In sei casi su mille, dopo il Covid, i bambini possono sviluppare una complicanza importante, la malattia multi-infiammatoria sistemica. E sviluppare manifestazioni a distanza, che vanno sotto l’ombrello del Long Covid, in una percentuale intorno al 6-7% dei casi. Gli esperti, ad oggi, non sono in grado di individuare quali sono i bimbi, in salute, che rischiano di più una forma seria di Covid. Forse perché l’esito della malattia è il risultato di tanti fattori. «Noi non sappiamo preventivamente qual è il bambino che morirà o andrà incontro a forme gravi di Covid – sottolinea Alberto Villani, Ospedale Pediatrico Bambino Gesù di Roma nel corso del primo webinar multidisciplinare organizzato dall’ISS a cui ne seguiranno altri -. Oggi abbiamo 54 bambini ricoverati, 5 in rianimazione. Pochi giorni fa ne avevamo 90, 8 in rianimazione. È un virus con cui non si scherza, la vaccinazione deve essere fatta anche nei bambini. Nessuno può prevedere cosa accadrà il prossimo inverno, l’ideale è arrivarci tutti vaccinati».
L’impatto principale del Covid è respiratorio: lo è anche per il Long Covid? «La risposta è sì – aggiunge Luca Richeldi, Università Cattolica del Sacro Cuore di Roma -. La patogenesi è polmonare, il polmone è l’organo di entrata, uscita e a volte permanenza, del virus. La dispnea è un sintomo che resta quasi nella metà dei pazienti identificati al follow-up».

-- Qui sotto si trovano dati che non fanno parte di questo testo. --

text \<open>
  For alpha in S the denominators of the convergents jump infinitely often
  from q_s to q_(s+1) > q_s^(q_s^2).  Each such jump makes p_s/q_s approximate alpha to within
  q_s^(-q_s^2).  Hence, for every q0, S is covered by the balls of radius q^(-q^2) around
  the fractions p/q with 0 <= p <= q and q >= q0; there are q + 1 of them for each q, so
  H^h_delta(S) is bounded by the tail of the series sum_q (q + 1) h(q^(-q^2)), which tends to 0.
  Conversely, a fraction p/q approximating alpha extremely well must be a convergent followed
  by a huge denominator (a Legendre-type argument), so the irrationals lying in all the open
  dense sets near_fractions k belong to S.  The Baire category theorem then yields a dense
  G_delta subset of S, and uncountability follows by removing in addition the points of a
  hypothetical countable S.
\<close>

text \<open>Numerators of the convergents: p_0 = 0, p_(-1) = 1, p_s = a_s p_(s-1) + p_(s-2).
  As for cf_qpair, the pair stores (p_s, p_(s-1)).\<close>
fun cf_ppair :: "real \<Rightarrow> nat \<Rightarrow> nat \<times> nat" where
  "cf_ppair \<alpha> 0 = (0, 1)"
| "cf_ppair \<alpha> (Suc n) = (cf_a \<alpha> (Suc n) * fst (cf_ppair \<alpha> n) + snd (cf_ppair \<alpha> n), fst (cf_ppair \<alpha> n))"

definition cf_ratio :: "real \<Rightarrow> nat \<Rightarrow> real" where
  "cf_ratio \<alpha> s = ln (real (cf_q \<alpha> (s + 1))) / ((real (cf_q \<alpha> s))\<^sup>2 * ln (real (cf_q \<alpha> s)))"

lemma setS_iff:
  "\<alpha> \<in> setS \<longleftrightarrow> 0 < \<alpha> \<and> \<alpha> < 1 \<and> \<alpha> \<notin> \<rat> \<and> limsup (\<lambda>s. ereal (cf_ratio \<alpha> s)) = \<infinity>"
  by (simp add: setS_def cf_ratio_def)

locale unit_irrational =
  fixes \<alpha> :: real
  assumes pos: "0 < \<alpha>" and lt1: "\<alpha> < 1" and irrational: "\<alpha> \<notin> \<rat>"
begin

abbreviation "P s \<equiv> real (fst (cf_ppair \<alpha> s))"
abbreviation "P' s \<equiv> real (snd (cf_ppair \<alpha> s))"
abbreviation "Q s \<equiv> real (fst (cf_qpair \<alpha> s))"
abbreviation "Q' s \<equiv> real (snd (cf_qpair \<alpha> s))"
abbreviation "X s \<equiv> cf_rem \<alpha> s"

lemma cf_rem_bounds: "0 < X n \<and> X n < 1 \<and> X n \<notin> \<rat>"
proof (induction n)
  case 0 then show ?case using pos lt1 irrational by simp
next
  case (Suc n)
  define x where "x = X n"
  have x: "0 < x" "x < 1" "x \<notin> \<rat>" using Suc x_def by auto
  have inv_irr: "1/x \<notin> \<rat>"
  proof
    assume "1/x \<in> \<rat>" then have "1/(1/x) \<in> \<rat>" by (rule Rats_divide[OF Rats_1])
    with x show False by simp
  qed
  have frac_irr: "frac (1/x) \<notin> \<rat>"
  proof
    assume "frac (1/x) \<in> \<rat>"
    then have "frac (1/x) + of_int \<lfloor>1/x\<rfloor> \<in> \<rat>" by (intro Rats_add) auto
    then show False using inv_irr by (simp add: frac_def)
  qed
  then have "frac (1/x) \<noteq> 0" by (metis Rats_0)
  then have "0 < frac (1/x)" using frac_ge_0[of "1/x"] by linarith
  then show ?case using frac_irr frac_lt_1[of "1/x"] by (simp add: x_def)
qed

lemma cf_a_step: "cf_a \<alpha> (Suc n) \<ge> 1 \<and> 1 / X n = real (cf_a \<alpha> (Suc n)) + X (Suc n)"
proof -
  define x where "x = X n"
  have "1 < 1/x" using cf_rem_bounds x_def by simp
  then have fl: "\<lfloor>1/x\<rfloor> \<ge> 1" by simp
  then have r: "real (nat \<lfloor>1/x\<rfloor>) = of_int \<lfloor>1/x\<rfloor>" "nat \<lfloor>1/x\<rfloor> \<ge> 1"
    by linarith+
  have "X (Suc n) = 1/x - of_int \<lfloor>1/x\<rfloor>" by (simp add: x_def frac_def)
  then show ?thesis using fl r unfolding cf_a_def by (simp add: x_def)
qed

text \<open>From here on remainders are manipulated only through cf_a_step.\<close>
declare cf_rem.simps(2)[simp del]

lemma q_step: "fst (cf_qpair \<alpha> (Suc n)) \<ge> fst (cf_qpair \<alpha> n) + snd (cf_qpair \<alpha> n)"
proof -
  have "cf_a \<alpha> (Suc n) * fst (cf_qpair \<alpha> n) \<ge> 1 * fst (cf_qpair \<alpha> n)"
    using cf_a_step[of n] by (intro mult_le_mono1) simp
  then show ?thesis by simp
qed

lemma q_ge1: "fst (cf_qpair \<alpha> n) \<ge> 1"
proof (induction n)
  case (Suc n) then show ?case using q_step[of n] by linarith
qed simp

lemma q_ge_n: "fst (cf_qpair \<alpha> n) \<ge> n"
proof (induction n)
  case 0 then show ?case by simp
next
  case (Suc n)
  show ?case
  proof (cases n)
    case 0 then show ?thesis using q_ge1[of 1] by simp
  next
    case (Suc m)
    then have "snd (cf_qpair \<alpha> n) \<ge> 1" using q_ge1[of m] by simp
    then show ?thesis using q_step[of n] Suc.IH by linarith
  qed
qed

lemma convergent_det: "P n * Q' n - P' n * Q n = (-1) ^ (n+1)"
  by (induction n) (simp_all add: algebra_simps)

lemma alpha_from_remainder: "\<alpha> = (P n + X n * P' n) / (Q n + X n * Q' n)"
proof (induction n)
  case 0 then show ?case by simp
next
  case (Suc n)
  define a where "a = real (cf_a \<alpha> (Suc n))"
  define y where "y = X (Suc n)"
  have y: "0 < y" using cf_rem_bounds y_def by auto
  have a: "a \<ge> 1" using cf_a_step[of n] by (simp add: a_def)
  have "1 / X n = a + y" using cf_a_step[of n] by (simp add: a_def y_def)
  then have x: "X n = 1 / (a + y)" by (metis divide_divide_eq_right div_by_1 mult_1)
  have "\<alpha> = (P n + X n * P' n) / (Q n + X n * Q' n)" by (rule Suc)
  also have "\<dots> = ((P n * (a + y) + P' n) / (a + y)) / ((Q n * (a + y) + Q' n) / (a + y))"
    unfolding x using a y by (simp add: field_simps)
  also have "\<dots> = (P n * (a + y) + P' n) / (Q n * (a + y) + Q' n)"
    using a y by simp
  also have "\<dots> = (P (Suc n) + X (Suc n) * P' (Suc n)) / (Q (Suc n) + X (Suc n) * Q' (Suc n))"
    by (simp add: a_def y_def algebra_simps)
  finally show ?case .
qed
lemma G1_feasible_le:
  assumes h: "shannon_feasible {1..7::nat} G1 h"
  shows "h {1..7} \<le> 11/3"
proof -
  note submod = feasible_submodular_determined[OF h] and det = feasible_determined[OF h]
    and card = feasible_le_card[OF h]
  have "h {1..7} + h {1,5} \<le> h {1,4,5} + h {1,2,5,6}"
    by (rule submod[where vs = "[3,7]"]) (auto simp: nbhd_G1)
  moreover have "h {1..7} + h {2,3} \<le> h {2,3,4} + h {1,2,3,6}"
    by (rule submod[where vs = "[5,7]"]) (auto simp: nbhd_G1)
  moreover have "h {1..7} + h {} \<le> h {7} + h {1,2,3,5}"
    by (rule submod[where vs = "[6,4]"]) (auto simp: nbhd_G1)
  moreover have "h {1,2,3,5} + h {} \<le> h {1,5} + h {2,3}"
    by (rule submod[where vs = "[]"]) auto
  moreover have "h {1,4,5} = h {1,4}"
    by (rule det[where vs = "[5]"]) (auto simp: nbhd_G1)
  moreover have "h {1,2,5,6} = h {2,5,6}"
    by (rule det[where vs = "[1]"]) (auto simp: nbhd_G1)
  moreover have "h {2,3,4} = h {2,4}"
    by (rule det[where vs = "[3]"]) (auto simp: nbhd_G1)
  moreover have "h {1,2,3,6} = h {1,3,6}"
    by (rule det[where vs = "[2]"]) (auto simp: nbhd_G1)
  moreover have "h {7} \<le> 1" "h {1,4} \<le> 2" "h {2,5,6} \<le> 3" "h {2,4} \<le> 2" "h {1,3,6} \<le> 3"
    by (rule order_trans[OF card], auto)+
  ultimately show ?thesis
    using polymatroid_empty[OF feasible_polymatroid[OF h]] by linarith
qed
definition Cmat :: "nat \<Rightarrow> nat \<Rightarrow> nat \<Rightarrow> nat \<Rightarrow> nat \<Rightarrow> nat \<Rightarrow> (nat \<Rightarrow> nat \<Rightarrow> 'a::comm_semiring_1 fmat)
    \<Rightarrow> (nat \<Rightarrow> nat \<Rightarrow> 'a fmat) \<Rightarrow> nat \<Rightarrow> nat \<Rightarrow> nat \<Rightarrow> 'a fmat" where
  "Cmat p m n lam kap mu A B l k j = (\<lambda>r c.
     \<Sum>(a, b, e, d) \<in> {(a, b, e, d). a \<in> {1..m} \<and> b \<in> {1..p} \<and> e \<in> {1..p} \<and> d \<in> {1..n}
                          \<and> b - 1 + p * (a - 1) + p - e + p * m * (d - 1) + 1 = j}.
        mmul (kap div p) (blk (lam div m) (kap div p) (A l k) a b)
                         (blk (kap div p) (mu div n) (B l k) e d) r c)"

end

theory Submission
  imports Defs
begin

(*
  Fix l and s and write x_k = f_{l,k} - alpha_s.  Clearing the common denominator
  Delta = prod_k x_k^R', the product of A~_l and B~_l splits into diagonal terms
  Psi_{l,k}(x_k) P_k Q_k / x_k^R' (since prod_{j <> k} x_j^R' = Psi_{l,k}(x_k)), cross terms that are
  polynomials in alpha_s, and the noise product Delta (sum_x alpha_s^(x-1) Z^A) (sum_x alpha_s^(x-1) Z^B).
  As P_k Q_k = sum_i C_{i+1} x_k^i, dividing Psi_{l,k} P_k Q_k by x_k^R' leaves the principal part
  sum_{i<R'} (sum_{i'} c_{l,k,i-i'} C_{i'+1}) / x_k^(R'-i) plus a polynomial in alpha_s.  Every
  polynomial part except the noise product has degree below R'(K_c-1)+X+D_E, so the coefficients
  I_x of the total polynomial part depend only on the noise beyond that degree.  For (a), the
  exponent p+p(m'-1)+pm(n''-1)-1 is reached only by the index tuples with p' = p''.
*)

definition poly_deg_on :: "'i set \<Rightarrow> ('i \<Rightarrow> 'a::comm_ring_1) \<Rightarrow> nat \<Rightarrow> ('i \<Rightarrow> 'a) \<Rightarrow> bool" where
  "poly_deg_on U \<alpha> D h \<longleftrightarrow> (\<exists>q. degree q \<le> D \<and> (\<forall>s\<in>U. h s = poly q (\<alpha> s)))"

lemma poly_deg_on_mono: "poly_deg_on U \<alpha> D h \<Longrightarrow> D \<le> D' \<Longrightarrow> poly_deg_on U \<alpha> D' h"
  unfolding poly_deg_on_def by (meson order_trans)

lemma poly_deg_on_cong:
  "poly_deg_on U \<alpha> D h \<Longrightarrow> (\<And>s. s \<in> U \<Longrightarrow> h s = g s) \<Longrightarrow> poly_deg_on U \<alpha> D g"
  unfolding poly_deg_on_def by auto

lemma poly_deg_on_const: "poly_deg_on U \<alpha> D (\<lambda>s. c)"
  unfolding poly_deg_on_def by (intro exI[of _ "[:c:]"]) auto

lemma poly_deg_on_add:
  assumes "poly_deg_on U \<alpha> D h" "poly_deg_on U \<alpha> D g"
  shows "poly_deg_on U \<alpha> D (\<lambda>s. h s + g s)"
proof -
  obtain q1 q2 where "degree q1 \<le> D" "\<forall>s\<in>U. h s = poly q1 (\<alpha> s)"
    "degree q2 \<le> D" "\<forall>s\<in>U. g s = poly q2 (\<alpha> s)"
    using assms unfolding poly_deg_on_def by blast
  then show ?thesis
    unfolding poly_deg_on_def
    by (intro exI[of _ "q1 + q2"]) (auto intro: order_trans[OF degree_add_le_max])
qed

lemma poly_deg_on_mult:
  assumes "poly_deg_on U \<alpha> D1 h" "poly_deg_on U \<alpha> D2 g"
  shows "poly_deg_on U \<alpha> (D1 + D2) (\<lambda>s. h s * g s)"
proof -
  obtain q1 q2 where "degree q1 \<le> D1" "\<forall>s\<in>U. h s = poly q1 (\<alpha> s)"
    "degree q2 \<le> D2" "\<forall>s\<in>U. g s = poly q2 (\<alpha> s)"
    using assms unfolding poly_deg_on_def by blast
  then show ?thesis
    unfolding poly_deg_on_def
    by (intro exI[of _ "q1 * q2"]) (auto intro: order_trans[OF degree_mult_le])
qed

lemma poly_deg_on_scale: "poly_deg_on U \<alpha> D h \<Longrightarrow> poly_deg_on U \<alpha> D (\<lambda>s. c * h s)"
  using poly_deg_on_mult[OF poly_deg_on_const[of U \<alpha> 0 c]] by simp

lemma poly_deg_on_sum:
  "finite A \<Longrightarrow> (\<And>a. a \<in> A \<Longrightarrow> poly_deg_on U \<alpha> D (h a))
    \<Longrightarrow> poly_deg_on U \<alpha> D (\<lambda>s. \<Sum>a\<in>A. h a s)"
proof (induction A rule: finite_induct)
  case empty
  then show ?case by (simp add: poly_deg_on_const)
next
  case (insert x F)
  then show ?case by (simp add: poly_deg_on_add)
qed

lemma poly_deg_on_prod:
  "finite A \<Longrightarrow> (\<And>a. a \<in> A \<Longrightarrow> poly_deg_on U \<alpha> D (h a))
    \<Longrightarrow> poly_deg_on U \<alpha> (D * card A) (\<lambda>s. \<Prod>a\<in>A. h a s)"
proof (induction A rule: finite_induct)
  case empty
  then show ?case by (simp add: poly_deg_on_const)
next
  case (insert x F)
  then show ?case
    using poly_deg_on_mult[of U \<alpha> D "h x" "D * card F"] by (simp add: add.commute)
qed

lemma poly_deg_on_poly_shifted: "poly_deg_on U \<alpha> (degree W) (\<lambda>s. poly W (c - \<alpha> s))"
  unfolding poly_deg_on_def
proof (intro exI[of _ "pcompose W [:c, -1:]"] conjI ballI)
  show "degree (pcompose W [:c, -1:]) \<le> degree W"
    using degree_pcompose_le[of W "[:c, -1:]"] by (simp split: if_splits)
qed (simp add: poly_pcompose)

lemma poly_deg_on_shifted_power: "poly_deg_on U \<alpha> e (\<lambda>s. (c - \<alpha> s) ^ e)"
  using poly_deg_on_poly_shifted[of U \<alpha> "monom 1 e" c]
  by (simp add: poly_monom degree_monom_eq)

lemma poly_deg_on_power: "poly_deg_on U \<alpha> e (\<lambda>s. \<alpha> s ^ e)"
  unfolding poly_deg_on_def
  by (intro exI[of _ "monom 1 e"]) (auto simp: poly_monom degree_monom_le)

lemma poly_deg_on_power_sum:
  "poly_deg_on U \<alpha> (N - 1) (\<lambda>s. \<Sum>x\<in>{1..N}. \<alpha> s ^ (x - 1) * Z x)"
proof (intro poly_deg_on_sum finite_atLeastAtMost)
  fix x assume "x \<in> {1..N}"
  then show "poly_deg_on U \<alpha> (N - 1) (\<lambda>s. \<alpha> s ^ (x - 1) * Z x)"
    using poly_deg_on_mult[OF poly_deg_on_power[of U \<alpha> "x - 1"] poly_deg_on_const[of U \<alpha> 0 "Z x"]]
    by (auto intro: poly_deg_on_mono)
qed

lemma sum_group_by_exponent:
  fixes x :: "'a::comm_semiring_1"
  assumes "finite Q" and "E ` Q \<subseteq> {..N}"
  shows "(\<Sum>q\<in>Q. g q * x ^ E q) = (\<Sum>i\<le>N. (\<Sum>q | q \<in> Q \<and> E q = i. g q) * x ^ i)"
proof -
  have "(\<Sum>q\<in>Q. g q * x ^ E q) = (\<Sum>i\<le>N. \<Sum>q | q \<in> Q \<and> E q = i. g q * x ^ E q)"
    using sum.group[OF assms(1) finite_atMost assms(2), of "\<lambda>q. g q * x ^ E q"] by simp
  also have "\<dots> = (\<Sum>i\<le>N. (\<Sum>q | q \<in> Q \<and> E q = i. g q) * x ^ i)"
    by (rule sum.cong) (auto simp: sum_distrib_right)
  finally show ?thesis .
qed

lemma block_exponent_le:
  assumes "a \<in> {1..m}" "b \<in> {1..p}" "e \<in> {1..p}" "d \<in> {1..n}"
  shows "b - 1 + p * (a - 1) + p - e + p * m * (d - 1) \<le> Rp p m n + p - 2"
proof -
  have "p * (a - 1) \<le> p * (m - 1)" "p * m * (d - 1) \<le> p * m * (n - 1)"
    using assms by (auto intro!: mult_le_mono2 diff_le_mono)
  moreover have "p * (m - 1) = p * m - p" "p * m * (n - 1) = p * m * n - p * m"
    by (simp_all add: algebra_simps)
  moreover have "p \<le> p * m" "p * m \<le> p * m * n" using assms by simp_all
  ultimately show ?thesis using assms(2,3) unfolding atLeastAtMost_iff Rp_def by linarith
qed

lemma Pmat_mmul_Qmat:
  fixes f :: "nat \<Rightarrow> nat \<Rightarrow> 'a::field"
  assumes "0 < p" "0 < m" "0 < n"
  shows "mmul (kap div p) (Pmat p m lam kap f \<alpha> A l k s) (Qmat p m n kap mu f \<alpha> B l k s) r c
        = (\<Sum>i\<le>Rp p m n + p - 2. Cmat p m n lam kap mu A B l k (i + 1) r c * (f l k - \<alpha> s) ^ i)"
proof -
  define x where "x = f l k - \<alpha> s"
  define bA where "bA = blk (lam div m) (kap div p) (A l k)"
  define bB where "bB = blk (kap div p) (mu div n) (B l k)"
  define Q where "Q = {1..m} \<times> {1..p} \<times> {1..p} \<times> {1..n}"
  define E where "E = (\<lambda>(a::nat, b::nat, e::nat, d::nat). b - 1 + p * (a - 1) + p - e + p * m * (d - 1))"
  define g where "g = (\<lambda>(a, b, e, d). mmul (kap div p) (bA a b) (bB e d) r c)"
  have PQ: "Pmat p m lam kap f \<alpha> A l k s r t * Qmat p m n kap mu f \<alpha> B l k s t c
      = (\<Sum>(a, b, e, d)\<in>Q. bA a b r t * bB e d t c * x ^ E (a, b, e, d))" for t
  proof -
    have "Pmat p m lam kap f \<alpha> A l k s r t * Qmat p m n kap mu f \<alpha> B l k s t c
      = (\<Sum>a\<in>{1..m}. \<Sum>b\<in>{1..p}. \<Sum>e\<in>{1..p}. \<Sum>d\<in>{1..n}.
           (bA a b r t * x ^ (b - 1 + p * (a - 1))) * (bB e d t c * x ^ (p - e + p * m * (d - 1))))"
      unfolding Pmat_def Qmat_def bA_def bB_def x_def
      by (simp only: sum_distrib_right) (simp only: sum_distrib_left)
    also have "\<dots> = (\<Sum>a\<in>{1..m}. \<Sum>b\<in>{1..p}. \<Sum>e\<in>{1..p}. \<Sum>d\<in>{1..n}.
           bA a b r t * bB e d t c * x ^ E (a, b, e, d))"
    proof (intro sum.cong refl)
      fix a b e d assume "e \<in> {1..p}"
      then have "E (a, b, e, d) = (b - 1 + p * (a - 1)) + (p - e + p * m * (d - 1))"
        unfolding E_def by auto
      then show "(bA a b r t * x ^ (b - 1 + p * (a - 1))) * (bB e d t c * x ^ (p - e + p * m * (d - 1)))
          = bA a b r t * bB e d t c * x ^ E (a, b, e, d)"
        by (simp add: power_add mult_ac)
    qed
    finally show ?thesis unfolding Q_def by (simp add: sum.cartesian_product)
  qed
  have "mmul (kap div p) (Pmat p m lam kap f \<alpha> A l k s) (Qmat p m n kap mu f \<alpha> B l k s) r c
      = (\<Sum>q\<in>Q. g q * x ^ E q)"
    unfolding mmul_def PQ by (subst sum.swap) (auto simp: g_def mmul_def sum_distrib_right
        intro!: sum.cong split: prod.splits)
  also have "\<dots> = (\<Sum>i\<le>Rp p m n + p - 2. (\<Sum>q | q \<in> Q \<and> E q = i. g q) * x ^ i)"
  proof (rule sum_group_by_exponent)
    show "finite Q" unfolding Q_def by simp
    have "E q \<le> Rp p m n + p - 2" if "q \<in> Q" for q
      using that block_exponent_le[of _ m _ p _ _ n] unfolding Q_def E_def by auto
    then show "E ` Q \<subseteq> {..Rp p m n + p - 2}" by auto
  qed
  also have "\<dots> = (\<Sum>i\<le>Rp p m n + p - 2. Cmat p m n lam kap mu A B l k (i + 1) r c * x ^ i)"
  proof (rule sum.cong[OF refl])
    fix i
    have "{q. q \<in> Q \<and> E q = i} = {(a, b, e, d). a \<in> {1..m} \<and> b \<in> {1..p} \<and> e \<in> {1..p}
        \<and> d \<in> {1..n} \<and> b - 1 + p * (a - 1) + p - e + p * m * (d - 1) + 1 = i + 1}"
      unfolding Q_def E_def by auto
    then show "(\<Sum>q | q \<in> Q \<and> E q = i. g q) * x ^ i = Cmat p m n lam kap mu A B l k (i + 1) r c * x ^ i"
      unfolding Cmat_def g_def bA_def bB_def by simp
  qed
  finally show ?thesis unfolding x_def .
qed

«È il MMG che ha in carico il paziente – evidenzia Ignazio Grattagliano (SIMG) – e sarà in grado di collegare la sintomatologia del Long Covid a un’infezione superata. Deve essere sempre considerato che il momento della negativizzazione non rappresenta, per alcuni, la fine della storia della malattia ma quello del manifestarsi di sintomi nascosti». Per gestire questi pazienti è necessaria «una formazione specifica di operatori e sanitari – continua – siamo impreparati, anche sulle riabilitazioni cardio-respiratorie, neurologiche e psichiatriche». A questo scopo «sarebbe utile pensare di creare un sito web con informazioni dettagliate e precise ma anche semplici con suggerimenti e consigli utili su come affrontare i disagi del Covid a lungo termine. I pazienti con sintomi da Long Covid non sono tutti uguali, è una condizione a volte fumosa. L’approccio ad un giovane deve essere diverso rispetto a quello al paziente anziano con comorbidità. Sono da prendere in considerazione nuove forme di presa in carico e di follow-up con interventi multidisciplinari in rete. C’è bisogno di istituire percorsi dedicati al Long Covid che includano accertamenti diagnostici e consulenze specialistiche in tempi brevi».